*Collected data entries*
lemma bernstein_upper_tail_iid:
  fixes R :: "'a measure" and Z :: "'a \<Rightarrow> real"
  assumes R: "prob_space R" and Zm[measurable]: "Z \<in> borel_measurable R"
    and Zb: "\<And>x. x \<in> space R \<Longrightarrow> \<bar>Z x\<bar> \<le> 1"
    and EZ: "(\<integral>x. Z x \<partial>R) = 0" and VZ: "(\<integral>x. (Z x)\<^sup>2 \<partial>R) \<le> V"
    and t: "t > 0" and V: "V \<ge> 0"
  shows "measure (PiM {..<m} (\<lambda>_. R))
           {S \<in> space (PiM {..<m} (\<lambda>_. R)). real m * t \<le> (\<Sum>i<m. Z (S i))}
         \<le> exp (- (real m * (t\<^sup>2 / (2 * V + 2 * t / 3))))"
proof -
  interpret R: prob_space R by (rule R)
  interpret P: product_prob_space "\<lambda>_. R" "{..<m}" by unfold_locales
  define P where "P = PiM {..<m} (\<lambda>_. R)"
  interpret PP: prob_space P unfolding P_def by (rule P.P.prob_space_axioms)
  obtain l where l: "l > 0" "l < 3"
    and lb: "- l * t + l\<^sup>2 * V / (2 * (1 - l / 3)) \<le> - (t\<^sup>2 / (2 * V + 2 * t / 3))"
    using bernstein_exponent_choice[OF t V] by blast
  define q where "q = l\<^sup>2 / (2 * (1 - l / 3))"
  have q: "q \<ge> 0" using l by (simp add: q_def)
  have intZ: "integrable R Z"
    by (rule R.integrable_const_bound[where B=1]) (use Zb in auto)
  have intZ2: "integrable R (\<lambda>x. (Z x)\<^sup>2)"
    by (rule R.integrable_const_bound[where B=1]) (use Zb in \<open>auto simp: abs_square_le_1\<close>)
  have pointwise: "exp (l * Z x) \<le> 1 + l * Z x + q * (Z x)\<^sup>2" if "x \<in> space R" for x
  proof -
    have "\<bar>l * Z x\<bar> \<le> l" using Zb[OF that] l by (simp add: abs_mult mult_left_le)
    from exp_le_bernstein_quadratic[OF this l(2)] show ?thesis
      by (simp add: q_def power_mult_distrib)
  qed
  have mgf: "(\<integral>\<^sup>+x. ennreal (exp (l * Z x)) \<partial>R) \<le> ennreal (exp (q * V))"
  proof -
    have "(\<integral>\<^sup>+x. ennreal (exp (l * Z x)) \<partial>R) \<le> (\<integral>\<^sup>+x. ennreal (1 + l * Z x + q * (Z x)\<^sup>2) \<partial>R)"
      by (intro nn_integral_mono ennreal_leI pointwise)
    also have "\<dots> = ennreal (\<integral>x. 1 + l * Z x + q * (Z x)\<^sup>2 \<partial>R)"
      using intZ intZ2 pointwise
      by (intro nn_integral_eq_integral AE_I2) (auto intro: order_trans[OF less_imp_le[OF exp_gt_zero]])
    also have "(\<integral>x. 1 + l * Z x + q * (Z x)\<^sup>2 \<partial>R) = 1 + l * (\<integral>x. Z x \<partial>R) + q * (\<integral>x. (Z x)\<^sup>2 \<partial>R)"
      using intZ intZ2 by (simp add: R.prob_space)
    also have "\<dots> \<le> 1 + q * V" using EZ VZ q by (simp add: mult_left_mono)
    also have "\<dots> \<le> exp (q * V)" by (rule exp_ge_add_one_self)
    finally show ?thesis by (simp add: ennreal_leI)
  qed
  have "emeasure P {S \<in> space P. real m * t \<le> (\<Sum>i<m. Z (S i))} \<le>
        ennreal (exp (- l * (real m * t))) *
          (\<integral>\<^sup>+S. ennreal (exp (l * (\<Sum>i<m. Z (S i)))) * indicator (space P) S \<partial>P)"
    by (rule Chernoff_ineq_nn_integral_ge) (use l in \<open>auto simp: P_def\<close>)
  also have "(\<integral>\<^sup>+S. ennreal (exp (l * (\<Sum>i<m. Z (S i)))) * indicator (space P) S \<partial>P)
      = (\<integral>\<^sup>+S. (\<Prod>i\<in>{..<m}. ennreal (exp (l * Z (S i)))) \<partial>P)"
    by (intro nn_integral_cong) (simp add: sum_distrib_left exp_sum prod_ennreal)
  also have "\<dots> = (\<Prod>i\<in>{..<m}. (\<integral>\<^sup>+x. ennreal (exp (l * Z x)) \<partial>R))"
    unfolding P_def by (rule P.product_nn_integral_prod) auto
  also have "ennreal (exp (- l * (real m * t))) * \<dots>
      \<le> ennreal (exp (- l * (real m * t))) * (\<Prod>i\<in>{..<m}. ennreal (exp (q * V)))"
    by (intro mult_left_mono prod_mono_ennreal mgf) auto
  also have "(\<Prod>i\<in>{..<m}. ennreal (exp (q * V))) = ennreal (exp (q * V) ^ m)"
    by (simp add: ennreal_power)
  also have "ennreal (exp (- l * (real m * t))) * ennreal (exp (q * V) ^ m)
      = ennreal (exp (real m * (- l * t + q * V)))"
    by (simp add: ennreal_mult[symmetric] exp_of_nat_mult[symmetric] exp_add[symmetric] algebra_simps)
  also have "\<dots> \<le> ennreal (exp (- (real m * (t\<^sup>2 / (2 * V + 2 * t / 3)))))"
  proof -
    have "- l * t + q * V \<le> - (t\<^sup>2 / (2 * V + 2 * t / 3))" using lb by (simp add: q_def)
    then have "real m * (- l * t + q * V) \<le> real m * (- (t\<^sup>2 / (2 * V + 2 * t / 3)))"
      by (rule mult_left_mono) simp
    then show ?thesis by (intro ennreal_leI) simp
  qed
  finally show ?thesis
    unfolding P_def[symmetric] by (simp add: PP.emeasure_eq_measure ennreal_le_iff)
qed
--
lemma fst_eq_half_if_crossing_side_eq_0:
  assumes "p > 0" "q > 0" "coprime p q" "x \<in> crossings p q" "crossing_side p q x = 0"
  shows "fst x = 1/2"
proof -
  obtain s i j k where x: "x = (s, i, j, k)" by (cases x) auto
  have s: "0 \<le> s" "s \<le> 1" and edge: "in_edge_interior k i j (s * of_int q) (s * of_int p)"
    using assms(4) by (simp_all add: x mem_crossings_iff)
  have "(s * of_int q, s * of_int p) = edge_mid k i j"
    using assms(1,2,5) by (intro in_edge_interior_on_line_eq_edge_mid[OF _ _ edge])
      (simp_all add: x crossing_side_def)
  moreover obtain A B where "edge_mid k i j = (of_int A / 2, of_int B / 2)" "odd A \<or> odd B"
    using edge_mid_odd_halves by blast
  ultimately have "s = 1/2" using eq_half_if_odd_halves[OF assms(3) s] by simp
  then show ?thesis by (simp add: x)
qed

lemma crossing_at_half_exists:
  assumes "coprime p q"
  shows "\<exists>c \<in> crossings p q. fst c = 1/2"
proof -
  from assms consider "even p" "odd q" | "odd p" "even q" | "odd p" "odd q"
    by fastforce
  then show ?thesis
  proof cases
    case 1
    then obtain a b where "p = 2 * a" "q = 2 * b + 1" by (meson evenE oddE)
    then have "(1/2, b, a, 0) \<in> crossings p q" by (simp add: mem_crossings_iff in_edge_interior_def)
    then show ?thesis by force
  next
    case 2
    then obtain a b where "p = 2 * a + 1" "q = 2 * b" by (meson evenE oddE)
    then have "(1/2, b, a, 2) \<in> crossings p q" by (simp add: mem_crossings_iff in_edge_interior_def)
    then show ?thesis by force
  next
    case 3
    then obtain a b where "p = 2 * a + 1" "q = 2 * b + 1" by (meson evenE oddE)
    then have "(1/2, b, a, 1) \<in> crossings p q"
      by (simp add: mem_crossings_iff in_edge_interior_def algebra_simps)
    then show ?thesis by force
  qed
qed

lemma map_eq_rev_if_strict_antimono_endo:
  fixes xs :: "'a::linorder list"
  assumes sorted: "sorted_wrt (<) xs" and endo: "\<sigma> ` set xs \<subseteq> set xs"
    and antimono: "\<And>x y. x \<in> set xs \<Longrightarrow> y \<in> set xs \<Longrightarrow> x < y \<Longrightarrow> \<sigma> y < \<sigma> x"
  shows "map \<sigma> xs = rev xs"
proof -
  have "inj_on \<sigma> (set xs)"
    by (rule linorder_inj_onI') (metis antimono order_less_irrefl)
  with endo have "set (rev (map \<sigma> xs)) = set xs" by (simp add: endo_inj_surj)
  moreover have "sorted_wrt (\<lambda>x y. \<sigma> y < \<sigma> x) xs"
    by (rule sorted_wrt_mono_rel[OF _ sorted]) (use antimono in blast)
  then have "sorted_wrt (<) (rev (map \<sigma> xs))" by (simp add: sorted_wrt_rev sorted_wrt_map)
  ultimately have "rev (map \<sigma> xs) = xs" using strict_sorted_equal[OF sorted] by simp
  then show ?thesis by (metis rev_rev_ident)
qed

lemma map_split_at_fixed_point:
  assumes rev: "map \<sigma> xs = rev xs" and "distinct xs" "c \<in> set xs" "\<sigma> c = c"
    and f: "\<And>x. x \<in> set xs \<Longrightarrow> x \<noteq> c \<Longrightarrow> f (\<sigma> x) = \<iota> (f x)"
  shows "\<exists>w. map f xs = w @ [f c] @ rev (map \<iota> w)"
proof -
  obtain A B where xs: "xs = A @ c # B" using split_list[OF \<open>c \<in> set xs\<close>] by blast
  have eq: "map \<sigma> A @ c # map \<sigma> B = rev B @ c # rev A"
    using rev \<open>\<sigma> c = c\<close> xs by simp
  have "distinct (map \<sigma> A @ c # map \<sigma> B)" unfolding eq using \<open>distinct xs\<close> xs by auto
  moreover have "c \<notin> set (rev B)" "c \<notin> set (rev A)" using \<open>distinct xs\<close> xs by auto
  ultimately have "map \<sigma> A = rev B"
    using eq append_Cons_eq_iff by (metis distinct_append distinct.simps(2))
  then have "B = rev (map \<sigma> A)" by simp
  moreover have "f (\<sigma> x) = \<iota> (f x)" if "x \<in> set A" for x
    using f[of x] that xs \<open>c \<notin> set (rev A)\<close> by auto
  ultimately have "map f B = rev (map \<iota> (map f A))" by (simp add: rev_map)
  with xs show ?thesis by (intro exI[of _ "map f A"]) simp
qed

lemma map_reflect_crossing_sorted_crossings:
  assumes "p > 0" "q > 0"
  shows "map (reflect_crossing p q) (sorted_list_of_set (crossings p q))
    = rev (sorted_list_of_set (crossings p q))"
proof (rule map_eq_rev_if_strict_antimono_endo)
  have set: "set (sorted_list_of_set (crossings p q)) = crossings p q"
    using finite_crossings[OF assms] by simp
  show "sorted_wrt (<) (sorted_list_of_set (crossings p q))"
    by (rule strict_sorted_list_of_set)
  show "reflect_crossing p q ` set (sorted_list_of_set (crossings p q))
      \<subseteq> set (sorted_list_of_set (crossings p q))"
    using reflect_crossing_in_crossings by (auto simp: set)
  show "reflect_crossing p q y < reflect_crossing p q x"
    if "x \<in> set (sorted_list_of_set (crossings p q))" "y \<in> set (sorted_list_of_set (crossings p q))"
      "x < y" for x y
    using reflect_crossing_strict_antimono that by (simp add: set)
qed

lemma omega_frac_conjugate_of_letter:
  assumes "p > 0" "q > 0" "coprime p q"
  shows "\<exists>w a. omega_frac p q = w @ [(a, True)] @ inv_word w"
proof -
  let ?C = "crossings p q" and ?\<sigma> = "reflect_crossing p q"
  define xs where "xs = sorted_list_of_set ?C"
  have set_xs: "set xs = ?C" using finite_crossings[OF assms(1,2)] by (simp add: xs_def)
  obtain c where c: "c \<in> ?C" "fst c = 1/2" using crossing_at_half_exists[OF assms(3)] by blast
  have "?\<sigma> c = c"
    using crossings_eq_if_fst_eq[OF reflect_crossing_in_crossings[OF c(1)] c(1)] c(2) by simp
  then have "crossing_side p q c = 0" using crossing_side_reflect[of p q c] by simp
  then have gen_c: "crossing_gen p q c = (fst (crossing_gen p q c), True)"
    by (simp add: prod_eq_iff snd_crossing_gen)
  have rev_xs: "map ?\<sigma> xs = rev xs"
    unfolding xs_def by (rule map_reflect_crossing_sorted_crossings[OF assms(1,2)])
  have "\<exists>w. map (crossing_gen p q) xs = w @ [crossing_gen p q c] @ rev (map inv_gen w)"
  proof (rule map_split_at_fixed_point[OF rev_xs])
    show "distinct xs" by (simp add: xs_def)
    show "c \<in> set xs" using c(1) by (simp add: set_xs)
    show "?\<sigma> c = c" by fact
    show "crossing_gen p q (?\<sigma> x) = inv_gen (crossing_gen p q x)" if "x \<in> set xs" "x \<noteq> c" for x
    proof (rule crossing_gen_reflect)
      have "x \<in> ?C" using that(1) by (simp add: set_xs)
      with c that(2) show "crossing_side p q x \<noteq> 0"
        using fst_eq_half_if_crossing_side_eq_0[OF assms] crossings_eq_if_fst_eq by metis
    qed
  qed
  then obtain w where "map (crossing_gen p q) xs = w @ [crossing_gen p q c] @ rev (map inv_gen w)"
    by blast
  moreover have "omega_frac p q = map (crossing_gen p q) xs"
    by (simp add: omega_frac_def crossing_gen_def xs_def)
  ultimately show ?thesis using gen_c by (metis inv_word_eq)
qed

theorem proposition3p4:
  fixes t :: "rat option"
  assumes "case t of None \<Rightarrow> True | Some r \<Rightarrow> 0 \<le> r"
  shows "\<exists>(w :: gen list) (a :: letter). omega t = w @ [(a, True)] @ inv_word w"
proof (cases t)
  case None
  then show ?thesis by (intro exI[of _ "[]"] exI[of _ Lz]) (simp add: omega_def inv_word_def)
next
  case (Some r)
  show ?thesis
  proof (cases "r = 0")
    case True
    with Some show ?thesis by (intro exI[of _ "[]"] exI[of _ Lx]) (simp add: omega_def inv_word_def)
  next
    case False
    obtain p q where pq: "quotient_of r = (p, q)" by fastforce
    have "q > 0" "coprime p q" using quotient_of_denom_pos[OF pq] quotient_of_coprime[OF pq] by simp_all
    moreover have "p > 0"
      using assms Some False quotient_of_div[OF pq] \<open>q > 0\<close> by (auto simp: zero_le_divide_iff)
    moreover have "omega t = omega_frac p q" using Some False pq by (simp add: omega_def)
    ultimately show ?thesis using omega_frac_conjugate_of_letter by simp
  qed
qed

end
--
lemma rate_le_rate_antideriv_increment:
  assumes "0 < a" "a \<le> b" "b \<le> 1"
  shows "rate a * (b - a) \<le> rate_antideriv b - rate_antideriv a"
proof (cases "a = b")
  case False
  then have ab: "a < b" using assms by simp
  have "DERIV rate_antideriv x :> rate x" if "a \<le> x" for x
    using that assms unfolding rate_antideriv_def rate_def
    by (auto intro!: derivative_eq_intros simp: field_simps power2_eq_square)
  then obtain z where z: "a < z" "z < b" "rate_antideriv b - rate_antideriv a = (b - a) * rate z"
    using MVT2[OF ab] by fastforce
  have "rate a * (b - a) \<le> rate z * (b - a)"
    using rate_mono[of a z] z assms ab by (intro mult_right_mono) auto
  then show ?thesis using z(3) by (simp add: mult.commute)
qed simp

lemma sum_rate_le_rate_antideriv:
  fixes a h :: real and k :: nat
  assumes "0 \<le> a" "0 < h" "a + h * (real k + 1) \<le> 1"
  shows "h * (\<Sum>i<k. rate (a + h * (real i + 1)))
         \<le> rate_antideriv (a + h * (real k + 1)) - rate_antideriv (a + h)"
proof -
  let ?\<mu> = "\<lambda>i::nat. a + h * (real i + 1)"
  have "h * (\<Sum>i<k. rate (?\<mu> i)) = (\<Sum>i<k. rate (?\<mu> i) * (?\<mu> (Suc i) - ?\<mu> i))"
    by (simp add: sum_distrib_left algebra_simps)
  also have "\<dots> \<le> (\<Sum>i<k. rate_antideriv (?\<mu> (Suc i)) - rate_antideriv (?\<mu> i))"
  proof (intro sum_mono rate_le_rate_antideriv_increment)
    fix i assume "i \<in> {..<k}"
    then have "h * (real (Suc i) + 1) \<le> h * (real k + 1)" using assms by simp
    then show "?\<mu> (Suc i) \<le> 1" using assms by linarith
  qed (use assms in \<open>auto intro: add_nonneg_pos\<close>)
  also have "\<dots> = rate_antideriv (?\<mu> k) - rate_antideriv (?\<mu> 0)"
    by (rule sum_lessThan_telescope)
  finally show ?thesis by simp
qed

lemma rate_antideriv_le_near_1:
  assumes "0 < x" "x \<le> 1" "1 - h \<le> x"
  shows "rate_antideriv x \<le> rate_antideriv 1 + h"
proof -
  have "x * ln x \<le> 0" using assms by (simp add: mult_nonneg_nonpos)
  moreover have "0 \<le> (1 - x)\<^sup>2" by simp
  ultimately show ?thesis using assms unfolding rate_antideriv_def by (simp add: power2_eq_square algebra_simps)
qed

*Exercise*
Set down, exactly as they stand above, the lines starting with the line with "then show ?thesis by (intro exI[of" and going on through the line with "with Some show", and no others.

*Solution*
  then show ?thesis by (intro exI[of _ "[]"] exI[of _ Lz]) (simp add: omega_def inv_word_def)
next
  case (Some r)
  show ?thesis
  proof (cases "r = 0")
    case True
    with Some show ?thesis by (intro exI[of _ "[]"] exI[of _ Lx]) (simp add: omega_def inv_word_def)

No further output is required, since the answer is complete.